Is the cardinality of an ultrapower generally the same as that of the set of functions?

Question

For any structure $M$ and ultrafilter $U$ on a set $\Omega$, let $M^{\langle U\rangle}=M^\Omega/U$ be the conventional ultrapower on $M$.

Is it the case that $|M^{\langle U\rangle}|=|M^\Omega|=|M|^{|\Omega|}$?

In all cases, it is obvious that $|M^{\langle U\rangle}|\le|M^\Omega|=|M|^{|\Omega|}\le|M|^{|U|}$.

I'm told that in the case that $U$ is non-principal, we have $|M^\Omega|\le|M^{\langle U\rangle}|$ as well, so $|M^{\langle U\rangle}|=|M|^{|\Omega|}$. I have yet to see a proof, but it seems plausible enough.

Less plausible is the idea that $|M^{\langle U\rangle}|=|M|^{|\Omega|}$ when $U$ is a principal ultrafilter. I've tried to prove that this isn't necessarily the case, but I keep getting stuck. Whatever the answer, it seems to relate to the properties of ultrafilters in a nontrivial way and I don't think that I can spend the time to really figure it out, especially since all I actually need is an "is true/is false, see ([Author], 19xx) for proof."

That said, I would very much like to understand the proof one way or the other.

Answer 1

You've been told wrong in the nonprincipal case.

For principal ultrafilters, the equivalence relation we're quotienting by is just that $[f]=[g]$ iff $f(i)=g(i),$ where $i$ is the generator of the ultrafilter, so the cardinality of the ultrapower is the same as the cardinality of $M$. (And in fact, similar reasoning shows that the ultrapower is isomorphic to $M$ in this case.)

Answer 2

I just want to add a few things to spaceisdarkgreen's clear answer. The canonical reference for this question is Chang and Keisler's book Model Theory, section 4.3, pp. 250-253. This book contains an enormous amount of information about ultraproducts and ultrapowers.

I write $M^U$ for the ultrapower of $M$ by the ultrafilter $U$ on $\Omega$.

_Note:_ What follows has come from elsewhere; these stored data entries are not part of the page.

(* Let $X$ be a Banach space, $C\subset X$ a nonempty generalized polyhedral convex set, and $f:X\to\mathbb R$ twice continuously Fréchet differentiable on $X$. If $\bar x$ is a local minimum of $\min\{f(x)\mid x\in C\}$, then: (c0) $\langle\nabla f(\bar x),v\rangle\ge0$ for all $v\in T_C(\bar x)$; (c1) for every $v\in T_C(\bar x)$ with $\langle\nabla f(\bar x),v\rangle=0$, one has $\langle\nabla f(\bar x),w\rangle\ge0$ for all $w\in T^2_C(\bar x,v)$; (c2) $\langle\nabla^2 f(\bar x)v,v\rangle\ge0$ for all $v\in T_C(\bar x)$ with $\langle\nabla f(\bar x),v\rangle=0$. *)

theory Defs
  imports "HOL-Analysis.Analysis"
begin

definition gen_polyhedral :: "'a::real_normed_vector set \<Rightarrow> bool" where
  "gen_polyhedral C \<longleftrightarrow>
     (\<exists>(L::'a set) (m::nat) (g::nat \<Rightarrow> ('a \<Rightarrow>\<^sub>L real)) (\<alpha>::nat \<Rightarrow> real).
        affine L \<and> closed L \<and> L \<noteq> {} \<and>
        C = {x \<in> L. \<forall>i<m. blinfun_apply (g i) x \<le> \<alpha> i})"

definition tangent_cone :: "'a::real_normed_vector set \<Rightarrow> 'a \<Rightarrow> 'a set" where
  "tangent_cone C x = {v. \<exists>(t::nat \<Rightarrow> real) (vs::nat \<Rightarrow> 'a).
      (\<forall>n. t n > 0) \<and> t \<longlonglongrightarrow> 0 \<and> vs \<longlonglongrightarrow> v \<and>
      (\<forall>n. x + t n *\<^sub>R vs n \<in> C)}"

definition second_order_tangent_set :: "'a::real_normed_vector set \<Rightarrow> 'a \<Rightarrow> 'a \<Rightarrow> 'a set" where
  "second_order_tangent_set C x v = {w. \<exists>(t::nat \<Rightarrow> real) (ws::nat \<Rightarrow> 'a).
      (\<forall>n. t n > 0) \<and> t \<longlonglongrightarrow> 0 \<and> ws \<longlonglongrightarrow> w \<and>
      (\<forall>n. x + t n *\<^sub>R v + ((t n)\<^sup>2 / 2) *\<^sub>R ws n \<in> C)}"

definition local_min_on :: "('a::metric_space \<Rightarrow> real) \<Rightarrow> 'a set \<Rightarrow> 'a \<Rightarrow> bool" where
  "local_min_on f C x \<longleftrightarrow> x \<in> C \<and>
     (\<exists>\<epsilon>>0. \<forall>y\<in>C. dist y x < \<epsilon> \<longrightarrow> f x \<le> f y)"

end

theory Submission
  imports Defs
begin
lemma nn_integral_desc_marks_snoc:
  fixes x :: "nat \<Rightarrow> (real^'d::finite) \<times> real"
  assumes bl: "bl \<noteq> []" "j \<notin> set bl" and [measurable]: "\<phi> \<in> borel_measurable borel"
  defines "r \<equiv> snd (x (last bl))"
  shows "(\<integral>\<^sup>+y. of_bool (desc_marks (x(j := y)) (bl @ [j])) * chain_weight L (x(j := y)) (bl @ [j]) * \<phi> (snd y) \<partial>point_law)
    = of_bool (desc_marks x bl) * chain_weight L x bl * (ennreal (near_prob CARD('d) L (r + 1)) * marks_below_integral \<phi> r)"
proof -
  have m: "(\<lambda>y. of_bool (snd y < r) * \<phi> (snd y)) \<in> borel_measurable (point_law :: ((real^'d) \<times> real) measure)"
    by measurable
  have "last bl \<noteq> j" using bl by auto
  moreover have "desc_marks (x(j := y)) bl = desc_marks x bl" for y
    by (rule desc_marks_cong) (use bl(2) in auto)
  moreover have "chain_weight L (x(j := y)) bl = chain_weight L x bl" for y
    by (rule chain_weight_cong) (use bl(2) in auto)
  ultimately have "of_bool (desc_marks (x(j := y)) (bl @ [j])) * chain_weight L (x(j := y)) (bl @ [j]) * \<phi> (snd y)
      = of_bool (desc_marks x bl) * chain_weight L x bl * ennreal (near_prob CARD('d) L (r + 1))
        * (of_bool (snd y < r) * \<phi> (snd y))" for y
    by (auto simp: desc_marks_snoc[OF bl(1)] chain_weight_snoc[OF bl(1)] r_def mult_ac)
  then have "(\<integral>\<^sup>+y. of_bool (desc_marks (x(j := y)) (bl @ [j])) * chain_weight L (x(j := y)) (bl @ [j]) * \<phi> (snd y) \<partial>point_law)
      = of_bool (desc_marks x bl) * chain_weight L x bl * ennreal (near_prob CARD('d) L (r + 1))
        * (\<integral>\<^sup>+y. of_bool (snd y < r) * \<phi> (snd y) \<partial>(point_law :: ((real^'d) \<times> real) measure))"
    by (simp only: nn_integral_cmult[OF m])
  also have "\<dots> = of_bool (desc_marks x bl) * chain_weight L x bl
      * (ennreal (near_prob CARD('d) L (r + 1)) * marks_below_integral \<phi> r)"
    using nn_integral_point_law_mark[of "\<lambda>t. of_bool (t < r) * \<phi> t", where 'd='d]
    by (simp add: marks_below_integral_def mult_ac)
  finally show ?thesis .
qed

lemma product_sigma_finite_point_law:
  "product_sigma_finite (\<lambda>_::nat. point_law :: ((real^'d::finite) \<times> real) measure)"
  unfolding product_sigma_finite_def
  using prob_space_point_law by (auto intro: prob_space_imp_sigma_finite)

text \<open>Integrating out the points of the chain from the last one backwards: each point contributes
  the probability of being near its predecessor.\<close>
lemma nn_integral_near_chain_le:
  fixes \<phi> :: "real \<Rightarrow> ennreal"
  assumes "finite I" "distinct js" "set js \<subseteq> I" "js \<noteq> []" "\<phi> \<in> borel_measurable borel"
  shows "(\<integral>\<^sup>+f. of_bool (near_chain L f js) * \<phi> (snd (f (last js)))
          \<partial>PiM I (\<lambda>_. point_law :: ((real^'d::finite) \<times> real) measure))
    \<le> (\<integral>\<^sup>+f. of_bool (desc_marks f js) * chain_weight L f js * \<phi> (snd (f (last js)))
          \<partial>PiM I (\<lambda>_. point_law :: ((real^'d) \<times> real) measure))"
  using assms
proof (induction js arbitrary: I \<phi> rule: rev_induct)
  case Nil
  then show ?case by simp
next
  case (snoc j bl)
  show ?case
  proof (cases "bl = []")
    case True
    then show ?thesis by (simp add: near_chain_def desc_marks_def chain_weight_def)
  next
    case False
    interpret P: product_sigma_finite "\<lambda>_::nat. point_law :: ((real^'d) \<times> real) measure"
      by (rule product_sigma_finite_point_law)
    define I' where "I' = I - {j}"
    have I: "I = insert j I'" "j \<notin> I'" "finite I'" "set bl \<subseteq> I'"
      using snoc.prems by (auto simp: I'_def)
    have bl: "distinct bl" "j \<notin> set bl" using snoc.prems by auto
    let ?Q = "point_law :: ((real^'d) \<times> real) measure"
    let ?P = "PiM I' (\<lambda>_. ?Q)"
    note [measurable] = snoc.prems(5)
    define \<phi>' where "\<phi>' r = ennreal (near_prob CARD('d) L (r + 1)) * marks_below_integral \<phi> r" for r
    have [measurable]: "\<phi>' \<in> borel_measurable borel"
      unfolding \<phi>'_def using borel_measurable_marks_below_integral[OF snoc.prems(5)] by measurable
    have chain_in_I: "set (bl @ [j]) \<subseteq> I" using I by auto
    have "(\<integral>\<^sup>+f. of_bool (near_chain L f (bl @ [j])) * \<phi> (snd (f (last (bl @ [j])))) \<partial>PiM I (\<lambda>_. ?Q))
        = (\<integral>\<^sup>+x. \<integral>\<^sup>+y. of_bool (near_chain L (x(j := y)) (bl @ [j])) * \<phi> (snd y) \<partial>?Q \<partial>?P)"
      using P.product_nn_integral_insert[OF I(3,2), unfolded I(1)[symmetric]] chain_in_I by simp
    also have "\<dots> \<le> (\<integral>\<^sup>+x. of_bool (near_chain L x bl) * \<phi>' (snd (x (last bl))) \<partial>?P)"
      unfolding \<phi>'_def using False bl by (intro nn_integral_mono nn_integral_near_chain_snoc_le) simp_all
    also have "\<dots> \<le> (\<integral>\<^sup>+x. of_bool (desc_marks x bl) * chain_weight L x bl * \<phi>' (snd (x (last bl))) \<partial>?P)"
      using I bl False by (intro snoc.IH) simp_all
    also have "\<dots> = (\<integral>\<^sup>+x. \<integral>\<^sup>+y. of_bool (desc_marks (x(j := y)) (bl @ [j])) * chain_weight L (x(j := y)) (bl @ [j])
        * \<phi> (snd y) \<partial>?Q \<partial>?P)"
      unfolding \<phi>'_def using False bl by (intro nn_integral_cong) (simp add: nn_integral_desc_marks_snoc)
    also have "\<dots> = (\<integral>\<^sup>+f. of_bool (desc_marks f (bl @ [j])) * chain_weight L f (bl @ [j]) * \<phi> (snd (f (last (bl @ [j]))))
        \<partial>PiM I (\<lambda>_. ?Q))"
      using P.product_nn_integral_insert[OF I(3,2), unfolded I(1)[symmetric]] chain_in_I by simp
    finally show ?thesis .
  qed
qed

end

lemma desc_marks_iff_sorted:
  "desc_marks f js \<longleftrightarrow> sorted_wrt (<) (map (\<lambda>j. - snd (f j)) js)"
proof -
  have "transp ((<) :: real \<Rightarrow> real \<Rightarrow> bool)" by (auto simp: transp_def)
  then show ?thesis
    by (simp add: desc_marks_def successively_map flip: successively_conv_sorted_wrt)
qed

lemma desc_marks_distinct: "desc_marks f js \<Longrightarrow> distinct js"
  by (auto simp: desc_marks_iff_sorted strict_sorted_iff distinct_map)

lemma desc_marks_inj:
  assumes "desc_marks f js1" "desc_marks f js2" "set js1 = set js2"
  shows "js1 = js2"
proof -
  let ?h = "\<lambda>j. - snd (f j)"
  have "map ?h js1 = map ?h js2"
    using assms by (intro strict_sorted_equal) (auto simp: desc_marks_iff_sorted)
  moreover have "inj_on ?h (set js1 \<union> set js2)"
    using assms(1,3) by (auto simp: desc_marks_iff_sorted strict_sorted_iff distinct_map)
  ultimately show ?thesis by (simp add: inj_on_map_eq_map)
qed

lemma has_desc_chain_imp_near_chain:
  assumes "has_desc_chain L f k m" and "m0 \<le> m"
  obtains js where "distinct js" "set js \<subseteq> {..<k}" "length js = m0" "near_chain L f js"
proof -
  obtain js' where js': "length js' = m" "set js' \<subseteq> {..<k}"
    "successively (\<lambda>i j. snd (f j) < snd (f i) \<and> torus_dist L (fst (f i)) (fst (f j)) \<le> snd (f i)) js'"
    using assms(1) unfolding has_desc_chain_def successively_conv_nth by blast
  have "near_chain L f js'"
    unfolding near_chain_def using js'(3) by (rule successively_mono) (auto intro: torus_dist_le_imp_near)
  then have "near_chain L f (take m0 js' @ drop m0 js')" by simp
  then have "near_chain L f (take m0 js')"
    unfolding near_chain_def successively_append_iff by blast
  moreover have "set (take m0 js') \<subseteq> {..<k}" using js'(2) set_take_subset by fast
  moreover have "length (take m0 js') = m0" using assms(2) js'(1) by simp
  ultimately show ?thesis
    by (intro that desc_marks_distinct[OF near_chain_imp_desc_marks])
qed

text \<open>The floor \<open>1 / L^d\<close> pays for the last point of a chain, whose own mark carries no
  factor in \<open>chain_weight\<close>.\<close>
definition mark_weight :: "nat \<Rightarrow> real \<Rightarrow> real \<Rightarrow> real" where
  "mark_weight d L r = max (near_prob d L (r + 1)) (1 / L^d)"

lemma borel_measurable_mark_weight[measurable]: "mark_weight d L \<in> borel_measurable borel"
  unfolding mark_weight_def by measurable

lemma chain_weight_le_prod_mark_weight:
  fixes f :: "nat \<Rightarrow> (real^'d::finite) \<times> real"
  assumes "L > 0" "distinct js" "js \<noteq> []"
  shows "chain_weight L f js \<le> ennreal (L^CARD('d)) * (\<Prod>j\<in>set js. ennreal (mark_weight CARD('d) L (snd (f j))))"
proof -
  let ?w = "\<lambda>j. ennreal (mark_weight CARD('d) L (snd (f j)))"
  have "distinct (butlast js @ [last js])" using assms(2) by (simp only: append_butlast_last_id[OF assms(3)])
  moreover have "set js = set (butlast js @ [last js])" by (simp only: append_butlast_last_id[OF assms(3)])
  ultimately have js: "set js = insert (last js) (set (butlast js))" "last js \<notin> set (butlast js)"
    "distinct (butlast js)"
    by auto
  have "chain_weight L f js = (\<Prod>j\<in>set (butlast js). ennreal (near_prob CARD('d) L (snd (f j) + 1)))"
    using js(3) by (simp add: chain_weight_def prod.distinct_set_conv_list)
  also have "\<dots> \<le> (\<Prod>j\<in>set (butlast js). ?w j)"
    by (intro prod_mono_ennreal ennreal_leI) (simp add: mark_weight_def)
  also have "\<dots> \<le> (ennreal (L^CARD('d)) * ?w (last js)) * (\<Prod>j\<in>set (butlast js). ?w j)"
  proof -
    have "1 = L^CARD('d) * (1 / L^CARD('d))" using assms(1) by simp
    also have "\<dots> \<le> L^CARD('d) * mark_weight CARD('d) L (snd (f (last js)))"
      using assms(1) unfolding mark_weight_def by (intro mult_left_mono) simp_all
    finally have "1 \<le> L^CARD('d) * mark_weight CARD('d) L (snd (f (last js)))" .
    then have "1 \<le> ennreal (L^CARD('d)) * ?w (last js)"
      using assms(1) by (simp add: ennreal_mult'[symmetric])
    then show ?thesis using mult_right_mono by fastforce
  qed
  also have "\<dots> = ennreal (L^CARD('d)) * (\<Prod>j\<in>set js. ?w j)"
    using js(1,2) by (simp add: mult_ac)
  finally show ?thesis .
qed

lemma sum_desc_chain_weights_le:
  fixes f :: "nat \<Rightarrow> (real^'d::finite) \<times> real"
  assumes "L > 0" "m0 \<ge> 1"
  shows "(\<Sum>js\<in>{js. distinct js \<and> set js \<subseteq> {..<k} \<and> length js = m0}. of_bool (desc_marks f js) * chain_weight L f js)
    \<le> (\<Sum>S\<in>{S. S \<subseteq> {..<k} \<and> card S = m0}.
          ennreal (L^CARD('d)) * (\<Prod>j\<in>S. ennreal (mark_weight CARD('d) L (snd (f j)))))"
proof -
  define J where "J = {js. distinct js \<and> set js \<subseteq> {..<k} \<and> length js = m0}"
  define H where "H S = ennreal (L^CARD('d)) * (\<Prod>j\<in>S. ennreal (mark_weight CARD('d) L (snd (f j))))" for S
  define A where "A = {js\<in>J. desc_marks f js}"
  have "finite J"
    by (rule finite_subset[OF _ finite_lists_length_eq[of "{..<k}" m0]]) (auto simp: J_def)
  have "(\<Sum>js\<in>J. of_bool (desc_marks f js) * chain_weight L f js)
      = (\<Sum>js\<in>J. if desc_marks f js then chain_weight L f js else 0)"
    by (intro sum.cong) auto
  also have "\<dots> = (\<Sum>js\<in>A. chain_weight L f js)"
    unfolding A_def using \<open>finite J\<close> by (simp add: sum.inter_filter)
  also have "\<dots> \<le> (\<Sum>js\<in>A. H (set js))"
    using assms by (intro sum_mono) (auto simp: A_def J_def H_def intro!: chain_weight_le_prod_mark_weight)
  also have "\<dots> = (\<Sum>S\<in>set ` A. H S)"
    by (rule sum.reindex[symmetric, unfolded comp_def]) (auto simp: inj_on_def A_def intro: desc_marks_inj)
  also have "\<dots> \<le> (\<Sum>S\<in>{S. S \<subseteq> {..<k} \<and> card S = m0}. H S)"
    by (intro sum_mono2) (auto simp: A_def J_def distinct_card)
  finally show ?thesis unfolding J_def H_def .
qed

context marked_torus
begin
lemma myller_config_frame:
  assumes "myller_config S C xi mu nu G K T" "s \<in> S"
  shows "xi s \<bullet> xi s = 1" "mu s \<bullet> mu s = 1" "nu s \<bullet> nu s = 1"
    "xi s \<bullet> mu s = 0" "xi s \<bullet> nu s = 0" "mu s \<bullet> nu s = 0"
proof -
  have unit: "norm (nu s) = 1" "norm (xi s) = 1" and orth: "xi s \<bullet> nu s = 0"
    and mu: "mu s = cross3 (nu s) (xi s)"
    using assms unfolding myller_config_def by auto
  then have "nu s \<bullet> xi s = 0"
    by (simp add: inner_commute)
  note cross = orthonormal_cross3[OF unit this]
  show "xi s \<bullet> xi s = 1" "nu s \<bullet> nu s = 1" "xi s \<bullet> nu s = 0"
    using unit orth by (simp_all add: norm_eq_1)
  show "mu s \<bullet> mu s = 1" "xi s \<bullet> mu s = 0" "mu s \<bullet> nu s = 0"
    unfolding mu using cross by (simp_all add: inner_commute)
qed

lemma smooth_fun_on_differentiable:
  assumes "smooth_fun_on S f" "s \<in> S"
  shows "f differentiable (at s)"
  using assms unfolding smooth_fun_on_def by (metis funpow_0)

lemma norm_Wn:
  assumes "myller_config S C xi mu nu G K T" "s \<in> S"
  shows "norm (Wn mu nu G K s) = sqrt ((G s)\<^sup>2 + (K s)\<^sup>2)"
proof -
  have "(norm (Wn mu nu G K s))\<^sup>2 = (G s)\<^sup>2 + (K s)\<^sup>2"
    using myller_config_frame[OF assms] unfolding Wn_def power2_norm_eq_inner
    by (simp add: inner_diff_left inner_diff_right inner_commute power2_eq_square)
  then show ?thesis
    by (metis norm_ge_zero real_sqrt_unique)
qed

lemma Wn_bar_eq:
  assumes "myller_config S C xi mu nu G K T" "s \<in> S"
  shows "Wn_bar mu nu G K s
           = (- K s / sqrt ((G s)\<^sup>2 + (K s)\<^sup>2)) *\<^sub>R mu s
             + (G s / sqrt ((G s)\<^sup>2 + (K s)\<^sup>2)) *\<^sub>R nu s"
  unfolding Wn_bar_def norm_Wn[OF assms] unfolding Wn_def by (simp add: algebra_simps)

lemma Wn_bar_unit:
  assumes "myller_config S C xi mu nu G K T" "s \<in> S" "(G s, K s) \<noteq> (0, 0)"
  shows "norm (Wn_bar mu nu G K s) = 1"
proof -
  have "Wn mu nu G K s \<noteq> 0"
    using norm_Wn[OF assms(1,2)] assms(3) by auto
  then show ?thesis
    unfolding Wn_bar_def by simp
qed

lemma Wn_bar_orthogonal_xi:
  assumes "myller_config S C xi mu nu G K T" "s \<in> S"
  shows "Wn_bar mu nu G K s \<bullet> xi s = 0"
    and "Wn_bar mu nu G K s \<bullet> (G s *\<^sub>R mu s + K s *\<^sub>R nu s) = 0"
  using myller_config_frame[OF assms] unfolding Wn_bar_def Wn_def
  by (simp_all add: inner_add_right inner_diff_left inner_diff_right inner_commute)

lemma Wn_bar_differentiable:
  assumes "myller_config S C xi mu nu G K T" "s \<in> S" "(G s, K s) \<noteq> (0, 0)"
  shows "Wn_bar mu nu G K differentiable (at s)"
proof -
  have "G differentiable (at s)" "K differentiable (at s)"
    using assms(1,2) smooth_fun_on_differentiable unfolding myller_config_def by blast+
  moreover have "mu differentiable (at s)" "nu differentiable (at s)"
    using assms(1,2) unfolding myller_config_def by (meson differentiableI_vector)+
  ultimately have W: "Wn mu nu G K differentiable (at s)"
    unfolding Wn_def[abs_def] by (intro derivative_intros) auto
  have "Wn mu nu G K s \<noteq> 0"
    using norm_Wn[OF assms(1,2)] assms(3) by auto
  then have "(\<lambda>t. norm (Wn mu nu G K t)) differentiable (at s)"
    using W by (rule differentiable_compose[OF differentiable_norm_at])
  then show ?thesis
    unfolding Wn_bar_def[abs_def] using W \<open>Wn mu nu G K s \<noteq> 0\<close>
    by (intro derivative_intros) auto
qed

The obvious bounds are $|M|\leq |M^U|\leq |M|^{|\Omega|}$. The first inequality is because the map $a\mapsto [(a,a,a,\dots)]_{\sim_U}$ is injective (in fact, it is an elementary embedding, by Łoś's theorem). The second inequality is because $M^U$ is a quotient of $M^\Omega$ by the equivalence relation $\sim_U$.

If $M$ is finite, the canonical map $M\to M^U$ is an isomorphism (because every elementary embedding with finite domain is an isomorphism), so $|M^U| = |M|$.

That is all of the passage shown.